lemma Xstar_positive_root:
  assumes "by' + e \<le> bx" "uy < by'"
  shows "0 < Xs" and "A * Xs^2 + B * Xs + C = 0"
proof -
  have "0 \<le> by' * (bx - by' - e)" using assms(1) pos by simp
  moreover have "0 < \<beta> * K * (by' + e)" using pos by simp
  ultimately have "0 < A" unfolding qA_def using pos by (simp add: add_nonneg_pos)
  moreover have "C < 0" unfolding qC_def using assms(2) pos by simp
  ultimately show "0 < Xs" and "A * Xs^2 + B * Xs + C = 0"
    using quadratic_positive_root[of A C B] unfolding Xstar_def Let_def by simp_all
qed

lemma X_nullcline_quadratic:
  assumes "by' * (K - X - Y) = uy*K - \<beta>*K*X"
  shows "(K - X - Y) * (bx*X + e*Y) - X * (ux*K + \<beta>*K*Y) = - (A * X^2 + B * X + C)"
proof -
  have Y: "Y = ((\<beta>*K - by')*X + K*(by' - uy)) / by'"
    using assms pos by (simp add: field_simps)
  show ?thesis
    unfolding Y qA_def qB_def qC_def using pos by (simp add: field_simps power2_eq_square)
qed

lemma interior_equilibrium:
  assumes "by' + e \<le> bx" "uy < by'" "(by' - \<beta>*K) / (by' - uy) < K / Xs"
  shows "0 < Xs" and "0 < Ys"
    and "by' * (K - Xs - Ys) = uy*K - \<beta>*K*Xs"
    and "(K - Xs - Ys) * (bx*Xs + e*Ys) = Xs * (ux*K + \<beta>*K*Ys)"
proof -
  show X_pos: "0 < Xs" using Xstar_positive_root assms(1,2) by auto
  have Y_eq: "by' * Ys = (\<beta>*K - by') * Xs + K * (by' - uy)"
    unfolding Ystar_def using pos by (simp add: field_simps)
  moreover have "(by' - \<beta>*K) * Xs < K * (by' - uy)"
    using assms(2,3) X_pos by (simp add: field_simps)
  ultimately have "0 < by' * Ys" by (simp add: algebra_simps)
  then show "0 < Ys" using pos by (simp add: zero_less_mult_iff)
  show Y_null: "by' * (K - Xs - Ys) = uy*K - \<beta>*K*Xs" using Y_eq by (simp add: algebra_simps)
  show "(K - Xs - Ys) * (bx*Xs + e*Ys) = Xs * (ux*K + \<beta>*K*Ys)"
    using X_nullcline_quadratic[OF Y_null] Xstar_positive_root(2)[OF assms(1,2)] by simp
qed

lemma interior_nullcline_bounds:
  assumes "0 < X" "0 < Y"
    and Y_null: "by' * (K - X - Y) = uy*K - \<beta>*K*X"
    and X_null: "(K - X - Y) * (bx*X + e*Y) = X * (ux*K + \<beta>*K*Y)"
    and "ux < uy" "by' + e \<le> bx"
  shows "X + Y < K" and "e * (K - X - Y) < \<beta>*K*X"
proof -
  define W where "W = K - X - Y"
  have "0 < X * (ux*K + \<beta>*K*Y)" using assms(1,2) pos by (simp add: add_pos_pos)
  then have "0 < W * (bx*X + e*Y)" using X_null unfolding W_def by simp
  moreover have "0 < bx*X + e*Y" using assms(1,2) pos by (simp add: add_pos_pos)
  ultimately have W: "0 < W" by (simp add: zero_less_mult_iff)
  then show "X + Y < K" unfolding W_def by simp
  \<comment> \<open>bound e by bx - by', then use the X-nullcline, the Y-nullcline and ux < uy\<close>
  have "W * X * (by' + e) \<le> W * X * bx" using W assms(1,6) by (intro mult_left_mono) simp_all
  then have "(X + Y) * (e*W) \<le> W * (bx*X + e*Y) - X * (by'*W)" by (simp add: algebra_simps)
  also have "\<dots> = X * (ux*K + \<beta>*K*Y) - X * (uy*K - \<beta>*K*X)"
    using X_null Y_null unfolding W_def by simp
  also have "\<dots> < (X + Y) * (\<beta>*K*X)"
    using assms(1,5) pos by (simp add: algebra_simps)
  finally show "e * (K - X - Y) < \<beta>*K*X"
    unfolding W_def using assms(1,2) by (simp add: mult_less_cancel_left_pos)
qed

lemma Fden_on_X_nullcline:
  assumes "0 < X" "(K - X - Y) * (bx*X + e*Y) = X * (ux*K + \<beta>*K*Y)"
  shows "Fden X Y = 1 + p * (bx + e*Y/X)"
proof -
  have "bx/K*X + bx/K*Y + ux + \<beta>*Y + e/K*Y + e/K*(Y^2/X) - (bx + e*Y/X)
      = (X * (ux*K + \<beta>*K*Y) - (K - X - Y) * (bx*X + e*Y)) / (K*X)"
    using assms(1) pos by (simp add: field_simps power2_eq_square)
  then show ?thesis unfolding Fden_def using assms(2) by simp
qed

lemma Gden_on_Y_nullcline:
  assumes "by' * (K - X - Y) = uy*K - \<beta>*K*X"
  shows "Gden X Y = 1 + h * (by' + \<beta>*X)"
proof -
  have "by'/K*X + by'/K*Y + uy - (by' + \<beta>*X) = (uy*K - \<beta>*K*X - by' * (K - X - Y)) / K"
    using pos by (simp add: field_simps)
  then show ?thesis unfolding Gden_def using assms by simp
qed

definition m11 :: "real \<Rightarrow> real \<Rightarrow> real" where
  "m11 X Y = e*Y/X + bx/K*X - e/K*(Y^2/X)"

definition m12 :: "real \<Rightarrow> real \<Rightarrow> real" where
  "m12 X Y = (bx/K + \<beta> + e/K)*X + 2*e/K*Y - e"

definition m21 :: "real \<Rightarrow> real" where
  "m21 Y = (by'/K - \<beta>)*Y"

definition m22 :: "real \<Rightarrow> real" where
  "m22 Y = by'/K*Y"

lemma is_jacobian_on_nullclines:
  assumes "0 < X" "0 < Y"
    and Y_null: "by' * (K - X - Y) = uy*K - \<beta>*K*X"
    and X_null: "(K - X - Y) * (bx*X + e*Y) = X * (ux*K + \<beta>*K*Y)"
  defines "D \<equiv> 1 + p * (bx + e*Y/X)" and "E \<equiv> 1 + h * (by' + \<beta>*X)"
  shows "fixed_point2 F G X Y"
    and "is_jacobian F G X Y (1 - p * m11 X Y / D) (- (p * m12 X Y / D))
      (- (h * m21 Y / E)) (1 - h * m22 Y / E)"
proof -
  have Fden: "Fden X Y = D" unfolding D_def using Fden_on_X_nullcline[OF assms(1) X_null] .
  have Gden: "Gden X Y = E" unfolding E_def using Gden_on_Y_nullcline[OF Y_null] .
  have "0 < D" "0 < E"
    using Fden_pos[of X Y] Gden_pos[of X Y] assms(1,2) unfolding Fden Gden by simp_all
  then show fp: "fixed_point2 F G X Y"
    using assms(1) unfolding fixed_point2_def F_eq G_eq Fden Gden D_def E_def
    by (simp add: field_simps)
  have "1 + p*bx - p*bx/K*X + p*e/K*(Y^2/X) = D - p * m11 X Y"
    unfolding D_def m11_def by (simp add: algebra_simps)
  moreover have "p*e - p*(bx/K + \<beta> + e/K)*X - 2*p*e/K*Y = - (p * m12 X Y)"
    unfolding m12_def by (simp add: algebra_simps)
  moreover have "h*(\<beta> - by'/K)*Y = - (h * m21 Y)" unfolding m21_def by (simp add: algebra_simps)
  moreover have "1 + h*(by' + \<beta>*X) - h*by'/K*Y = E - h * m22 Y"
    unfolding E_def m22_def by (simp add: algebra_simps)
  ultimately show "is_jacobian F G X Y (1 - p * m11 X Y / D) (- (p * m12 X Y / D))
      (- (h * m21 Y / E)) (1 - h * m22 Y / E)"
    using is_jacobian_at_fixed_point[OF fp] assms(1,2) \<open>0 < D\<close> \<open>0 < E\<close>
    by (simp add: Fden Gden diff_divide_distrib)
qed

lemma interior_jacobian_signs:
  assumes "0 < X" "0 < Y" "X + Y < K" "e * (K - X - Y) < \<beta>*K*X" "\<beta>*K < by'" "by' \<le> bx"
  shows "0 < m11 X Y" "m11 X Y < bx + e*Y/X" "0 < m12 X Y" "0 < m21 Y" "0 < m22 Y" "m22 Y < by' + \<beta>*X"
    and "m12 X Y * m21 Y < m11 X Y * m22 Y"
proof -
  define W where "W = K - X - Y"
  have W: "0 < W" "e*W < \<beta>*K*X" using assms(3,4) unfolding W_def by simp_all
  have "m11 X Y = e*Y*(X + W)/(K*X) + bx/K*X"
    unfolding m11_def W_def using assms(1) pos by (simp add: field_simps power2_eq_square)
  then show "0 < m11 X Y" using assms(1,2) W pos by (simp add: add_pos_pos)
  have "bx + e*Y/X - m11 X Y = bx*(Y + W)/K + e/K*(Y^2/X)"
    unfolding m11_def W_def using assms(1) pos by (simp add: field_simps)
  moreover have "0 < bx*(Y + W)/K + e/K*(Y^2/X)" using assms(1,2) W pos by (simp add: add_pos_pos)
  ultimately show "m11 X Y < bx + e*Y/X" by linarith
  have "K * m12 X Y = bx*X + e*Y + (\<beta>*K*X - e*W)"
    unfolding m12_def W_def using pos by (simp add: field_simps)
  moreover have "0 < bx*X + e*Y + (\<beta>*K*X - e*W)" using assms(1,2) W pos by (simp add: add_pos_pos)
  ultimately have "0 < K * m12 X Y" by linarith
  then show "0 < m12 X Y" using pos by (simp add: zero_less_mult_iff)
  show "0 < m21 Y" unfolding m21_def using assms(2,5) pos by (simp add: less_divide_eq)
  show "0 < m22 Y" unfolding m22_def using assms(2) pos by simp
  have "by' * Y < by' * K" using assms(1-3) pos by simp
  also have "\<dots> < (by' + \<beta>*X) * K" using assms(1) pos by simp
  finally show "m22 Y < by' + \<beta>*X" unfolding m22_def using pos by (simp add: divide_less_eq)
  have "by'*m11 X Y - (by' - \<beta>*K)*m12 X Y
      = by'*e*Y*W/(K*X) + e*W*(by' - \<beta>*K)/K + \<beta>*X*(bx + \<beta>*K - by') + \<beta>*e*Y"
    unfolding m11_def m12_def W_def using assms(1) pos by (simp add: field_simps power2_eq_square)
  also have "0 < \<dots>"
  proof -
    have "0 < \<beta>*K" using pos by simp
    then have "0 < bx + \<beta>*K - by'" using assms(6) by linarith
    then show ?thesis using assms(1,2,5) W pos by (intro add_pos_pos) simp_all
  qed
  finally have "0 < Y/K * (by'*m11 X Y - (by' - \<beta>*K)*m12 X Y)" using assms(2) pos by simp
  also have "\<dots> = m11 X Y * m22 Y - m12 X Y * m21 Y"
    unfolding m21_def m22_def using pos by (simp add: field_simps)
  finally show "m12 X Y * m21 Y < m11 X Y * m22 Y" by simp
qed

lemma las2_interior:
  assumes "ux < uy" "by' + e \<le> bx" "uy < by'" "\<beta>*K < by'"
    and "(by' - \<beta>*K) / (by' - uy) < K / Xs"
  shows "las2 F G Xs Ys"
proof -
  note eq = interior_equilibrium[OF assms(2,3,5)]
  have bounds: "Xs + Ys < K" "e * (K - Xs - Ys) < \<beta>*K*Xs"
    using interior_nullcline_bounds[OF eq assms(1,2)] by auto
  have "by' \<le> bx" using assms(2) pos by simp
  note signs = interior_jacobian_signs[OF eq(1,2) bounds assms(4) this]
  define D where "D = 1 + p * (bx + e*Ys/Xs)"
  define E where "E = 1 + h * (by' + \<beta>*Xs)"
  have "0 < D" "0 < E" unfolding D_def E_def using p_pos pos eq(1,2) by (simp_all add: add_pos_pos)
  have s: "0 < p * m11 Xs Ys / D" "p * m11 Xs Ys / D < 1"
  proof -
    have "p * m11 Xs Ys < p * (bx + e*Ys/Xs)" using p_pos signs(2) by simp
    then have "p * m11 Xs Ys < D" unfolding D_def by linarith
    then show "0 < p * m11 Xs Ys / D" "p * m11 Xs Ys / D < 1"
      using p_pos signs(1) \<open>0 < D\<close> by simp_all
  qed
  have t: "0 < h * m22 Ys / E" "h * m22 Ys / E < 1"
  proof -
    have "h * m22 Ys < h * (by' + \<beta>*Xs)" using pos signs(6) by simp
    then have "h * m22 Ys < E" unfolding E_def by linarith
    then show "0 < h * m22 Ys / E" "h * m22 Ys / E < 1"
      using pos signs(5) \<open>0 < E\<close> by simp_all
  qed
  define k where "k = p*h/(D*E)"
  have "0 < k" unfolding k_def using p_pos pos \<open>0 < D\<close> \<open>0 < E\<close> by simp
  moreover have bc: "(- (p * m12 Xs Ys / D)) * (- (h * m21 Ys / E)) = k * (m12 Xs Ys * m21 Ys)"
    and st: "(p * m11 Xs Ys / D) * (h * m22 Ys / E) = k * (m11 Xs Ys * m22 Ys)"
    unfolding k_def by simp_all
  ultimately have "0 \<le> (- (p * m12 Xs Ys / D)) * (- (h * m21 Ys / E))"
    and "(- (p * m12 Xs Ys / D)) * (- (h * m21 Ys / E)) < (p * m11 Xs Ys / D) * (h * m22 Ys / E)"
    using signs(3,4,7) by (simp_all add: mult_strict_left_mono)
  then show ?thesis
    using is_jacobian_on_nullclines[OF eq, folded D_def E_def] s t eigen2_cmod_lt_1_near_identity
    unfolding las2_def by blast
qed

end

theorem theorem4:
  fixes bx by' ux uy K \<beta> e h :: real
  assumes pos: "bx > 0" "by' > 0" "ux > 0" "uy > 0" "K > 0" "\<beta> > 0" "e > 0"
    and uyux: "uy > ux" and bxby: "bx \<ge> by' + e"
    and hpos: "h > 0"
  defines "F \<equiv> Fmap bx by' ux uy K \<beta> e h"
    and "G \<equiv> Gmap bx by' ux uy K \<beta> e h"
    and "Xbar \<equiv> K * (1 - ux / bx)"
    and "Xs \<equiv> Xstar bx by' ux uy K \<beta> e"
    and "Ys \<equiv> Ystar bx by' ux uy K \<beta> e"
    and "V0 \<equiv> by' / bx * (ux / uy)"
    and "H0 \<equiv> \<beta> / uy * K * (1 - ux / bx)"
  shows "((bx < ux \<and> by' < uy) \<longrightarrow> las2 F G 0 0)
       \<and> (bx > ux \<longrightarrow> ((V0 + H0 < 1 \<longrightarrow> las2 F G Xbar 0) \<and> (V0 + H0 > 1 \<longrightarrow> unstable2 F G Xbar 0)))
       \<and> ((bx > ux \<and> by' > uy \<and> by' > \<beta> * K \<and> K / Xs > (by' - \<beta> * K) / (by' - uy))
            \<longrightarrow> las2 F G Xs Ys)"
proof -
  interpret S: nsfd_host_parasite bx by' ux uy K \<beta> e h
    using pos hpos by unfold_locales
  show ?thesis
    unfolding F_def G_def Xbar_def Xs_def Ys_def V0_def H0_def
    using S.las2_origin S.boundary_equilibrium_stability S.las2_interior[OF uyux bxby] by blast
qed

* Problem to work on: Repeat the entries above verbatim, but only from the line that has "signs(2) by simp" down to the line that has "signs(6) by simp", inclusive.

* Reply to the task:
    have "p * m11 Xs Ys < p * (bx + e*Ys/Xs)" using p_pos signs(2) by simp
    then have "p * m11 Xs Ys < D" unfolding D_def by linarith
    then show "0 < p * m11 Xs Ys / D" "p * m11 Xs Ys / D < 1"
      using p_pos signs(1) \<open>0 < D\<close> by simp_all
  qed
  have t: "0 < h * m22 Ys / E" "h * m22 Ys / E < 1"
  proof -
    have "h * m22 Ys < h * (by' + \<beta>*Xs)" using pos signs(6) by simp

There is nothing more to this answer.